If your business is running thousands of dollars in payments through Melio each month, sitting back and waiting isn’t a strategy. This is the moment to review your options, benchmark costs, and make sure you’re not blindsided by changes in the next six to twelve months.
Get ahead of the game and start using a modern payment platform like Nickel - complete with 100% free ACH transfers and native QuickBooks integration.
Why Businesses Loved Melio (And What They Might Lose)
Melio earned its following by solving real problems for small businesses drowning in manual payment processes. It wasn’t just another ACH tool or clunky bank portal.
It gave small business owners and bookkeepers something they rarely get in B2B payments: simplicity, control, and clear pricing.
Automation That Saves Time
The platform’s accounts payable automation stood out immediately. It synced with leading accounting platforms like QuickBooks and Xero, which eliminated duplicate data entry and cut out tedious manual uploads. Paying vendors suddenly felt professional instead of painful.
Vendor Onboarding Without the Headaches
Melio also nailed vendor onboarding. Instead of chasing routing numbers or awkwardly asking suppliers for bank details, users could send an invite and let vendors set their own preferences. That single feature removed one of the biggest headaches in small business payments.
Workflows That Make Scaling Easier
Payment scheduling and approval workflows rounded out the appeal. Businesses could set spending limits, define approval chains, and keep full visibility of pending and completed transactions - without the complexity (and cost) of enterprise-grade software.
Pricing That Small Businesses Can Predict
The pricing model sealed the deal. Free ACH transfers with transparent card fees made costs predictable. Small businesses processing moderate payment volumes could finally plan around payment expenses instead of getting surprised by hidden fees.
The Hidden Risks of Acquisition Integration
Xero’s acquisition of Melio might eventually deliver stronger integrations and new features. But the reality for businesses is that the transition period often brings friction long before benefits arrive.

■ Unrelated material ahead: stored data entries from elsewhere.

text \<open>Both ends of a longest path are pendant, and one of them differs from \<open>vinf\<close>.\<close>
lemma acyclic_edges_pendant_edge:
  assumes sg: "simple_graph V E" and "F \<subseteq> E" "F \<noteq> {}" "acyclic_edges V E F"
  obtains e v where "e \<in> F" "v \<noteq> vinf" "incident_edges F v = {e}"
proof -
  define P where "P ps \<longleftrightarrow> edge_path F ps \<and> set ps \<subseteq> V \<and> 2 \<le> length ps" for ps
  obtain e where "e \<in> F" using assms(3) by blast
  then obtain x y where "{x, y} \<in> F" "x \<noteq> y" "x \<in> V" "y \<in> V"
    using assms(2) by (auto elim!: simple_graph_edge[OF sg])
  then have "P [x, y]" by (auto simp: P_def edge_path_def less_Suc_eq)
  moreover have "length ps < card V + 1" if "P ps" for ps
    using that sg card_mono[of V "set ps"] distinct_card[of ps]
    by (auto simp: P_def edge_path_def simple_graph_def)
  ultimately obtain ps where ps: "P ps" and longest: "\<And>qs. P qs \<Longrightarrow> length qs \<le> length ps"
    using ex_has_greatest_nat[of P "[x, y]" length "card V + 1"] by blast
  have longest': "length qs \<le> length ps" if "edge_path F qs" "set qs \<subseteq> V" for qs
    using longest[of qs] that ps by (cases "2 \<le> length qs") (auto simp: P_def)
  have pendant: "\<exists>e. incident_edges F (last qs) = {e}" if "P qs" "length qs = length ps" for qs
    using last_of_longest_path_is_pendant[OF sg assms(2,4)] that longest' by (simp add: P_def)
  have "P (rev ps)" using ps by (simp add: P_def edge_path_rev)
  then obtain e1 e2 where e: "incident_edges F (last ps) = {e1}" "incident_edges F (last (rev ps)) = {e2}"
    using pendant ps by (metis length_rev)
  moreover have "e1 \<in> F" "e2 \<in> F" using e by (auto simp: incident_edges_def)
  moreover have "last ps \<noteq> last (rev ps)"
    using ps distinct_last_neq_hd[of ps] by (simp add: P_def edge_path_def last_rev)
  ultimately show thesis using that by metis
qed

lemma acyclic_edges_subset: "acyclic_edges V E F \<Longrightarrow> F' \<subseteq> F \<Longrightarrow> acyclic_edges V E F'"
  by (auto simp: acyclic_edges_def)

lemma girth_le_cycle: "is_cycle V E vs \<Longrightarrow> girth V E \<le> enat (length vs)"
  unfolding girth_def by (rule INF_lower) simp

lemma short_cycle_if_girth_less:
  assumes "girth V E < enat (t + 1)"
  obtains vs where "is_cycle V E vs" "length vs \<le> t"
  using assms by (auto simp: girth_def INF_less_iff)

lemma acyclic_edges_if_card_less_girth:
  assumes "enat (t + 1) \<le> girth V E" "finite F" "card F \<le> t"
  shows "acyclic_edges V E F"
  unfolding acyclic_edges_def
proof (intro allI impI notI)
  fix vs assume cyc: "is_cycle V E vs" and sub: "cycle_edges vs \<subseteq> F"
  have "length vs = card (cycle_edges vs)"
    using cyc by (simp add: is_cycle_def card_cycle_edges)
  also have "\<dots> \<le> t" using card_mono[OF assms(2) sub] assms(3) by simp
  finally have "enat (length vs) < enat (t + 1)" by simp
  then show False
    using girth_le_cycle[OF cyc] assms(1) by (meson leD order_trans)
qed

definition recovery_order :: "'i set \<Rightarrow> nat \<Rightarrow> ('i \<Rightarrow> 'f::field) set \<Rightarrow> 'i list \<Rightarrow> bool" where
  "recovery_order I r C ls \<longleftrightarrow> (\<forall>j < length ls. \<exists>R a. R \<subseteq> I \<and> card R \<le> r \<and> R \<inter> set (drop j ls) = {}
      \<and> (\<forall>c\<in>C. c (ls ! j) = (\<Sum>i\<in>R. a i * c i)))"

lemma seq_LRC_iff_recovery_order:
  "seq_LRC I n k r t C \<longleftrightarrow>
     finite I \<and> card I = n \<and> module.subspace fscale C \<and> (\<forall>c\<in>C. \<forall>i. i \<notin> I \<longrightarrow> c i = 0)
     \<and> code_dim C = k
     \<and> (\<forall>F. F \<subseteq> I \<and> 1 \<le> card F \<and> card F \<le> t \<longrightarrow>
          (\<exists>ls. distinct ls \<and> set ls = F \<and> recovery_order I r C ls))"
  by (simp add: seq_LRC_def recovery_order_def)

lemma seq_LRC_recovery_order:
  assumes "seq_LRC I n k r t C" "F \<subseteq> I" "1 \<le> card F" "card F \<le> t"
  obtains ls where "distinct ls" "set ls = F" "recovery_order I r C ls"
proof -
  from assms(1) have "\<forall>F. F \<subseteq> I \<and> 1 \<le> card F \<and> card F \<le> t \<longrightarrow>
      (\<exists>ls. distinct ls \<and> set ls = F \<and> recovery_order I r C ls)"
    unfolding seq_LRC_iff_recovery_order by (elim conjE) assumption
  then show thesis using assms(2-4) that by blast
qed

lemma recovery_order_Nil: "recovery_order I r C []"
  by (simp add: recovery_order_def)

lemma recovery_order_Cons:
  "recovery_order I r C (x # ls) \<longleftrightarrow>
     (\<exists>R a. R \<subseteq> I \<and> card R \<le> r \<and> R \<inter> set (x # ls) = {} \<and> (\<forall>c\<in>C. c x = (\<Sum>i\<in>R. a i * c i)))
     \<and> recovery_order I r C ls"
  by (simp add: recovery_order_def All_less_Suc2)

text \<open>Peeling off pendant edges one at a time: the pendant edge at \<open>v\<close> is the only erased
  edge in the parity check of \<open>v\<close>, so it is recovered from the other \<open>\<le> r\<close> edges at \<open>v\<close>.\<close>
lemma acyclic_edges_recovery_order:
  assumes sg: "simple_graph V E"
    and deg: "\<And>v. v \<in> V - {vinf} \<Longrightarrow> card (incident_edges E v) \<le> r + 1"
    and H: "associated_pcm V E vinf H"
    and "F \<subseteq> E" "acyclic_edges V E F"
  shows "\<exists>ls. distinct ls \<and> set ls = F \<and> recovery_order E r (code_of_pcm V E vinf H) ls"
proof -
  have "finite E" using sg by (rule simple_graph_finite_edges)
  then have "finite F" using assms(4) by (rule finite_subset[rotated])
  then show ?thesis using assms(4,5)
  proof (induction F rule: finite_remove_induct)
    case empty
    show ?case by (auto intro: recovery_order_Nil)
  next
    case (remove A)
    obtain e v where e: "e \<in> A" "v \<noteq> vinf" and pendant: "incident_edges A v = {e}"
      using acyclic_edges_pendant_edge[OF sg remove.prems(1) remove.hyps(2) remove.prems(2)] .
    have "e \<in> incident_edges E v" using pendant remove.prems(1) by (auto simp: incident_edges_def)
    moreover obtain x y where "x \<in> V" "y \<in> V" "e = {x, y}"
      using e(1) remove.prems(1) by (blast elim: simple_graph_edge[OF sg])
    ultimately have v: "v \<in> V - {vinf}" using e(2) by (auto simp: incident_edges_def)
    obtain ls where ls: "distinct ls" "set ls = A - {e}" "recovery_order E r (code_of_pcm V E vinf H) ls"
      using remove.IH[OF e(1)] remove.prems acyclic_edges_subset by blast
    define R where "R = incident_edges E v - {e}"
    have "card R \<le> r"
      using deg[OF v] \<open>e \<in> incident_edges E v\<close> \<open>finite E\<close>
      by (simp add: R_def card_Diff_singleton incident_edges_def)
    moreover have "R \<inter> set (e # ls) = {}"
    proof -
      have "set (e # ls) = A" using ls(2) e(1) by auto
      then show ?thesis using pendant unfolding R_def incident_edges_def by blast
    qed
    moreover have "\<forall>c\<in>code_of_pcm V E vinf H. c e = (\<Sum>i\<in>R. (- H v i / H v e) * c i)"
      using code_of_pcm_local_recovery[OF H \<open>finite E\<close> v \<open>e \<in> incident_edges E v\<close>]
      by (simp add: R_def)
    moreover have "R \<subseteq> E" by (auto simp: R_def incident_edges_def)
    ultimately have "recovery_order E r (code_of_pcm V E vinf H) (e # ls)"
      unfolding recovery_order_Cons using ls(3)
      by (intro conjI exI[of _ R] exI[of _ "\<lambda>i. - H v i / H v e"])
    moreover have "distinct (e # ls)" "set (e # ls) = A" using ls e by auto
    ultimately show ?case by blast
  qed
qed

lemma code_of_pcm_seq_LRC:
  assumes sg: "simple_graph V E"
    and deg: "\<And>v. v \<in> V - {vinf} \<Longrightarrow> card (incident_edges E v) \<le> r + 1"
    and girth: "enat (t + 1) \<le> girth V E"
    and H: "associated_pcm V E vinf H"
  shows "seq_LRC E (card E) (code_dim (code_of_pcm V E vinf H)) r t (code_of_pcm V E vinf H)"
  unfolding seq_LRC_iff_recovery_order
proof (intro conjI allI impI ballI refl code_of_pcm_subspace)
  show "finite E" using sg by (rule simple_graph_finite_edges)
  show "c i = 0" if "c \<in> code_of_pcm V E vinf H" "i \<notin> E" for c i
    using that by (simp add: code_of_pcm_def)
  fix F assume F: "F \<subseteq> E \<and> 1 \<le> card F \<and> card F \<le> t"
  then have "finite F" using \<open>finite E\<close> finite_subset by blast
  then have "acyclic_edges V E F"
    using girth F by (blast intro: acyclic_edges_if_card_less_girth)
  then show "\<exists>ls. distinct ls \<and> set ls = F \<and> recovery_order E r (code_of_pcm V E vinf H) ls"
    using F by (blast intro: acyclic_edges_recovery_order[OF sg deg H])
qed

lemma not_recovery_order_if_support:
  assumes "c \<in> C" "c x \<noteq> 0" "\<And>i. i \<notin> set (x # xs) \<Longrightarrow> c i = 0"
  shows "\<not> recovery_order I r C (x # xs)"
proof
  assume "recovery_order I r C (x # xs)"
  then obtain R a where R: "R \<inter> set (x # xs) = {}" and "\<forall>c\<in>C. c x = (\<Sum>i\<in>R. a i * c i)"
    unfolding recovery_order_Cons by blast
  then have "c x = (\<Sum>i\<in>R. a i * c i)" using assms(1) by blast
  also have "\<dots> = 0"
  proof (rule sum.neutral, rule ballI)
    fix i assume "i \<in> R"
    then have "i \<notin> set (x # xs)" using R by blast
    then show "a i * c i = 0" by (simp add: assms(3))
  qed
  finally show False using assms(2) by contradiction
qed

Features Can Change or Disappear
Feature disruption is one of the first things to watch. When companies merge, overlapping tools get streamlined or removed. Features that work seamlessly today may disappear or change, forcing teams to adjust workflows they’ve relied on for years.
Pricing Models Rarely Stay the Same
Pricing shifts are another common outcome. Even when a company promises “no changes,” history shows that new fee structures often roll out quietly - free services gain new limits, transaction fees climb, or tiered pricing suddenly appears. Small businesses that built their budgets around Melio’s current model could get caught off guard.
Support Quality Often Suffers During Mergers
Support quality often dips during integration too. As internal teams merge, resources shift toward back-end projects rather than front-line service. That usually means longer wait times and fewer specialists who deeply understand the platform’s quirks.
Focus May Shift to Xero Users First
Finally, platform focus tends to tilt toward the acquirer’s core user base. Xero’s priority is its accounting customers. While Melio users on QuickBooks or other systems are promised continued support, they might find feature updates arriving slower or customer feedback carrying less weight over time.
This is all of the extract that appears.